The theme of the conference proceedings is the question, whether in the 14th century in one of the Catalan kingdoms there has been a first European ceremony or whether it is a hybrid of law book and rules of the court. Thus, the leges palatinae give an insight into the living conditions and the inner structures of the society at court, whereby the illustration of the rich text characterises the manuscript as an important European contemporary document.
The leges palatinae, which is discussed in the conference proceedings, is a first-rate illuminated manuscript. Its roots and traditions are still unknown, so that the allocation of the texts and miniatures as well as the richly adorned initials has seemed difficult if not impossible so far. This publication is the first to take steps to come closer to the meaning of the manuscript. To proceed from the assumption that it could be a law book, we now pose the question of why the king would have the book designed in the manner of court rules.

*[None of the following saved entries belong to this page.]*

lemma commutant_wot_closed: "wot_closed (commutant W)"
  unfolding wot_closed_def
proof (intro ballI impI)
  fix T :: "'g op" assume Tb: "T \<in> bdd_ops"
  assume approx: "\<forall>P \<epsilon>. finite P \<and> P \<subseteq> ell2 \<times> ell2 \<and> 0 < \<epsilon> \<longrightarrow>
      (\<exists>S\<in>commutant W. \<forall>(\<xi>, \<eta>)\<in>P. cmod (l2inner (T \<xi>) \<eta> - l2inner (S \<xi>) \<eta>) < \<epsilon>)"
  show "T \<in> commutant W"
  proof (rule commutantI[OF Tb])
    fix U V \<xi> assume UV: "(U,V) \<in> W"
    have uU: "adjoint_pair U V" and uV: "adjoint_pair V U" using UV pair_sym pair_adjoint by auto
    show "T (U \<xi>) = U (T \<xi>)"
    proof (cases "\<xi> \<in> ell2")
      case x: True
      have "l2inner (T (U \<xi>)) (delta_at j) = l2inner (U (T \<xi>)) (delta_at j)" for j
      proof -
        have ell2: "U \<xi> \<in> ell2" "V (delta_at j) \<in> ell2"
          using x adjoint_pair_ell2[OF uU] adjoint_pair_ell2[OF uV] by auto
        have "l2inner (S (U \<xi>)) (delta_at j) = l2inner (S \<xi>) (V (delta_at j))"
          if "S \<in> commutant W" for S
          using commutantD[OF that UV] adjoint_pair_l2inner[OF uU bdd_ops_ell2[OF _ x] delta_at_ell2]
            commutant_bdd_ops[OF that] by simp
        then have "l2inner (T (U \<xi>)) (delta_at j) = l2inner (T \<xi>) (V (delta_at j))"
          by (intro l2inner_eq_wot_limit[OF approx ell2(1) delta_at_ell2 x ell2(2)])
        then show ?thesis using adjoint_pair_l2inner[OF uU bdd_ops_ell2[OF Tb x] delta_at_ell2] by simp
      qed
      then show ?thesis by (simp add: fun_eq_iff)
    next
      case False
      then have "U \<xi> \<notin> ell2" using adjoint_pair_ell2[OF uU] by simp
      then show ?thesis using False bdd_ops_outside[OF Tb] adjoint_pair_zero[OF uU] by simp
    qed
  qed
qed

end

definition wshift :: "('g::group_add \<Rightarrow> complex) \<Rightarrow> 'g \<Rightarrow> 'g op" where
  "wshift w k = (\<lambda>\<xi> h. w h * \<xi> (h + k))"

lemma wshift_adjoint_pair:
  fixes w :: "'g::group_add \<Rightarrow> complex"
  assumes "\<And>h. cmod (w h) = 1"
  shows "adjoint_pair (wshift w k) (wshift (\<lambda>h. cnj (w (h + - k))) (- k))"
  unfolding adjoint_pair_def
proof (intro conjI allI impI)
  fix \<xi> :: "'g \<Rightarrow> complex"
  show "wshift w k \<xi> \<in> ell2 \<longleftrightarrow> \<xi> \<in> ell2"
    using ell2_cmod_cong[of "wshift w k \<xi>" "\<lambda>h. \<xi> (h + k)"] ell2_translate_right[of \<xi> k] assms
    by (simp add: wshift_def norm_mult)
next
  fix x y :: "'g \<Rightarrow> complex"
  show "l2inner (wshift w k x) y = l2inner x (wshift (\<lambda>h. cnj (w (h + - k))) (- k) y)"
    unfolding l2inner_def wshift_def
    by (rule infsum_reindex_bij_witness[of UNIV "\<lambda>b. b + - k" "\<lambda>a. a + k"]) (simp_all add: add.assoc)
qed (simp add: wshift_def fun_eq_iff algebra_simps)

definition rho :: "('g::group_add \<Rightarrow> 'g \<Rightarrow> complex) \<Rightarrow> 'g \<Rightarrow> 'g op" where
  "rho \<sigma> k = wshift (\<lambda>h. cnj (\<sigma> h k)) k"

definition rho_adj :: "('g::group_add \<Rightarrow> 'g \<Rightarrow> complex) \<Rightarrow> 'g \<Rightarrow> 'g op" where
  "rho_adj \<sigma> k = wshift (\<lambda>h. \<sigma> (h + - k) k) (- k)"

definition rho_pairs :: "('g::group_add \<Rightarrow> 'g \<Rightarrow> complex) \<Rightarrow> ('g op \<times> 'g op) set" where
  "rho_pairs \<sigma> = range (\<lambda>k. (rho \<sigma> k, rho_adj \<sigma> k)) \<union> range (\<lambda>k. (rho_adj \<sigma> k, rho \<sigma> k))"

lemma adjoint_pair_rho: "cocycle \<sigma> \<Longrightarrow> adjoint_pair (rho \<sigma> k) (rho_adj \<sigma> k)"
  using wshift_adjoint_pair[of "\<lambda>h. cnj (\<sigma> h k)" k] by (simp add: rho_def rho_adj_def)

lemma adjoint_pair_rho_adj: "cocycle \<sigma> \<Longrightarrow> adjoint_pair (rho_adj \<sigma> k) (rho \<sigma> k)"
  using wshift_adjoint_pair[of "\<lambda>h. \<sigma> (h + - k) k" "- k"] by (simp add: rho_def rho_adj_def add.assoc)

lemma adjoint_pairs_rho_pairs: "cocycle \<sigma> \<Longrightarrow> adjoint_pairs (rho_pairs \<sigma>)"
  by unfold_locales (auto simp: rho_pairs_def adjoint_pair_rho adjoint_pair_rho_adj)

lemma rho_rho_adj:
  assumes "cocycle \<sigma>"
  shows "rho \<sigma> k (rho_adj \<sigma> k \<xi>) = \<xi>"
proof
  fix h
  have "rho \<sigma> k (rho_adj \<sigma> k \<xi>) h = (cnj (\<sigma> h k) * \<sigma> h k) * \<xi> h"
    by (simp add: rho_def rho_adj_def wshift_def add.assoc mult.assoc)
  then show "rho \<sigma> k (rho_adj \<sigma> k \<xi>) h = \<xi> h" using assms by simp
qed

lemma rho_adj_rho:
  assumes "cocycle \<sigma>"
  shows "rho_adj \<sigma> k (rho \<sigma> k \<xi>) = \<xi>"
proof
  fix h
  have "rho_adj \<sigma> k (rho \<sigma> k \<xi>) h = (cnj (\<sigma> (h + - k) k) * \<sigma> (h + - k) k) * \<xi> h"
    by (simp add: rho_def rho_adj_def wshift_def add.assoc mult_ac)
  then show "rho_adj \<sigma> k (rho \<sigma> k \<xi>) h = \<xi> h" using assms by simp
qed

lemma Lam_rho_adj:
  assumes s: "cocycle \<sigma>"
  shows "Lam \<sigma> g (rho_adj \<sigma> k \<xi>) = rho_adj \<sigma> k (Lam \<sigma> g \<xi>)"
proof (cases "\<xi> \<in> ell2")
  case x: True
  then have rx: "rho_adj \<sigma> k \<xi> \<in> ell2" using adjoint_pair_ell2[OF adjoint_pair_rho_adj[OF s]] by simp
  show ?thesis
  proof
    fix h
    define b where "b = - g + (h - k)"
    have b: "- g + h - k = b" by (simp add: b_def add_diff_eq)
    have gb: "g + b = h - k" by (simp add: b_def add.assoc[symmetric])
    have bk: "b + k = - g + h" by (simp add: b_def add.assoc)
    have "Lam \<sigma> g (rho_adj \<sigma> k \<xi>) h = \<sigma> g (b + k) * \<sigma> b k * \<xi> b"
      using rx by (simp add: Lam_apply rho_adj_def wshift_def b bk mult.assoc)
    also have "\<dots> = \<sigma> (g + b) k * \<sigma> g b * \<xi> b"
      using cocycle_assoc[OF s, of g b k] by (simp add: mult_ac)
    also have "\<dots> = rho_adj \<sigma> k (Lam \<sigma> g \<xi>) h"
      using x by (simp add: Lam_apply rho_adj_def wshift_def gb b add_diff_eq mult.assoc)
    finally show "Lam \<sigma> g (rho_adj \<sigma> k \<xi>) h = rho_adj \<sigma> k (Lam \<sigma> g \<xi>) h" .
  qed
next
  case False
  then have "rho_adj \<sigma> k \<xi> \<notin> ell2" using adjoint_pair_ell2[OF adjoint_pair_rho_adj[OF s]] by simp
  then show ?thesis using False by (simp add: Lam_def rho_adj_def wshift_def)
qed

lemma Lam_rho:
  assumes "cocycle \<sigma>"
  shows "Lam \<sigma> g (rho \<sigma> k \<xi>) = rho \<sigma> k (Lam \<sigma> g \<xi>)"
proof -
  have "rho \<sigma> k (Lam \<sigma> g \<xi>) = rho \<sigma> k (Lam \<sigma> g (rho_adj \<sigma> k (rho \<sigma> k \<xi>)))"
    by (simp only: rho_adj_rho[OF assms])
  also have "\<dots> = Lam \<sigma> g (rho \<sigma> k \<xi>)"
    by (simp only: Lam_rho_adj[OF assms] rho_rho_adj[OF assms])
  finally show ?thesis by simp
qed

lemma Lam_commutant_rho_pairs: "cocycle \<sigma> \<Longrightarrow> Lam \<sigma> g \<in> commutant (rho_pairs \<sigma>)"
  by (rule commutantI[OF Lam_bdd_ops]) (auto simp: rho_pairs_def Lam_rho Lam_rho_adj)

lemma vN_subset_commutant: "cocycle \<sigma> \<Longrightarrow> vN \<sigma> \<subseteq> commutant (rho_pairs \<sigma>)"
  unfolding vN_def
  by (rule Inter_lower) (simp add: adjoint_pairs.commutant_star_subalg adjoint_pairs_rho_pairs
      adjoint_pairs.commutant_wot_closed image_subset_iff Lam_commutant_rho_pairs)

lemma rho_delta_e: "rho \<sigma> (- j) delta_e = (\<lambda>h. cnj (\<sigma> j (- j)) * delta_at j h)"
  by (auto simp: rho_def wshift_def delta_e_def delta_at_def fun_eq_iff)

text \<open>Commuting with \<open>\<rho>\<^sub>\<sigma>\<close> determines \<open>x\<close> from \<open>x \<delta>\<^sub>e\<close>: the vector \<open>\<rho>\<^sub>\<sigma>(j\<^sup>-\<^sup>1) \<delta>\<^sub>e\<close> is a
  unimodular multiple of \<open>\<delta>\<^sub>j\<close>.\<close>

lemma vN_eqI_hat:
  assumes s: "cocycle \<sigma>" and x: "x \<in> vN \<sigma>" and T: "T \<in> vN \<sigma>" and h: "hat x = hat T"
  shows "x = T"
proof -
  have xC: "x \<in> commutant (rho_pairs \<sigma>)" and TC: "T \<in> commutant (rho_pairs \<sigma>)"
    using vN_subset_commutant[OF s] x T by auto
  have xb: "x \<in> bdd_ops" and Tb: "T \<in> bdd_ops" using commutant_bdd_ops xC TC by auto
  show ?thesis
  proof (rule bdd_ops_eqI_delta_at[OF xb Tb])
    fix j :: 'a
    define c where "c = cnj (\<sigma> j (- j))"
    have c: "c \<noteq> 0" using cocycle_cmod[OF s, of j "- j"] by (auto simp: c_def)
    have UV: "(rho \<sigma> (- j), rho_adj \<sigma> (- j)) \<in> rho_pairs \<sigma>" by (auto simp: rho_pairs_def)
    have "x (rho \<sigma> (- j) delta_e) = T (rho \<sigma> (- j) delta_e)"
      using commutantD[OF xC UV] commutantD[OF TC UV] h by (simp add: hat_def)
    then have "(\<lambda>h. c * x (delta_at j) h) = (\<lambda>h. c * T (delta_at j) h)"
      unfolding rho_delta_e c_def[symmetric]
      by (simp add: bdd_ops_scale[OF xb delta_at_ell2] bdd_ops_scale[OF Tb delta_at_ell2])
    then show "x (delta_at j) = T (delta_at j)" using c by (simp add: fun_eq_iff)
  qed
qed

The sumptuous manuscript shows similarities to future ceremony books – among others – which for their part were not only to regulate life on court itself but also held concrete instructions. The characteristic style of the texts and illustrations clearly indicates that it was not only about the ‘what’ but more strongly about the ‘how’. The agency of the nobles on the rich royal court is therefore reminiscent of a sociogram of how to treat each other at court, what you were allowed to do and what you were not – but, above all, actions were accurately characterised. In this way, we not only gain a good impression of the organisation of the royal court and the manner of how the king knew to bind the nobles. What is more, the interpretation of text and image unfold the ideal of society at court in the 14th century and the following period, as the aftermaths of the leges palatinae are also a subject of discussion. Whether these ties, whose ends have been those actions and regulations we know from reports about the court of King Louis XIV of France, have been passed-on legal norms or take-overs from Byzantine ceremony, is to be considered as well as their visualisation – in the historical context of earlier similar manuscripts, of course. The fact that a ruler, some years prior to his fall from power and his death, carries a manuscript on the run, which he gave the (French) king when requesting help against the Aragonese cousin, seems to be historically unique. It emphasises once more the importance of the Catalan manuscript that was to become the basis of Burgundian ceremony and whose provenance has recently been proved by Ulrike Bauer-Eberhardt.
Professor Gisela Drossbach obtained her doctorate in 1993 with a thesis about the clergy Konrad von Megenberg from Regensburg and habilitated with a thesis about the Roman hospital of Santo Spirito in Sassia and its illuminated rules of the order. Further stages in her research are Medieval and Early Modern statutes and the genesis of pontifical decretal law. She teaches Bavarian and Swabian regional history/Middle Ages at University Augsburg.
Professor Gottfried Kerscher obtained his doctorate in 1985, did research in Florence, Rome, Avignon, Barcelona, and on the Balearic Islands. His book about Late Medieval palace building in France, Spain, and Italy, from the year 2000, exposed him to the prime of Majorcan palace architecture and the ceremony taking place inside. He teaches art history of the Middle Ages at University Trier.
The new publication series entitled “Trierer Beiträge zu den historischen Kulturwissenschaften” (Trier Papers in Historical Cultural Studies) aims at being a forum for papers in the area of Cultural Studies, which focus on historical and interdisciplinary research. In addition to essay collections and conference proceedings, the series also covers monographic studies as well as exhibition catalogues.
The editor of the book series is the Executive Board of the “Historisch-Kulturwissenschaftliche Forschungszentrum” (HKFZ) Trier (Trier Historical Cultural Research Centre) at Trier University. The Research Centre is financed in line with the research initiative of Rhineland-Palatinate. The HKFZ’s current research topic is called “Räume des Wissens – Orte, Ordnungen, Oszillationen” (“Spaces of Knowledge – Places, Orders, Oscillations”). In collaboration with national and international partners, groups of linked projects work on this topic at Trier University.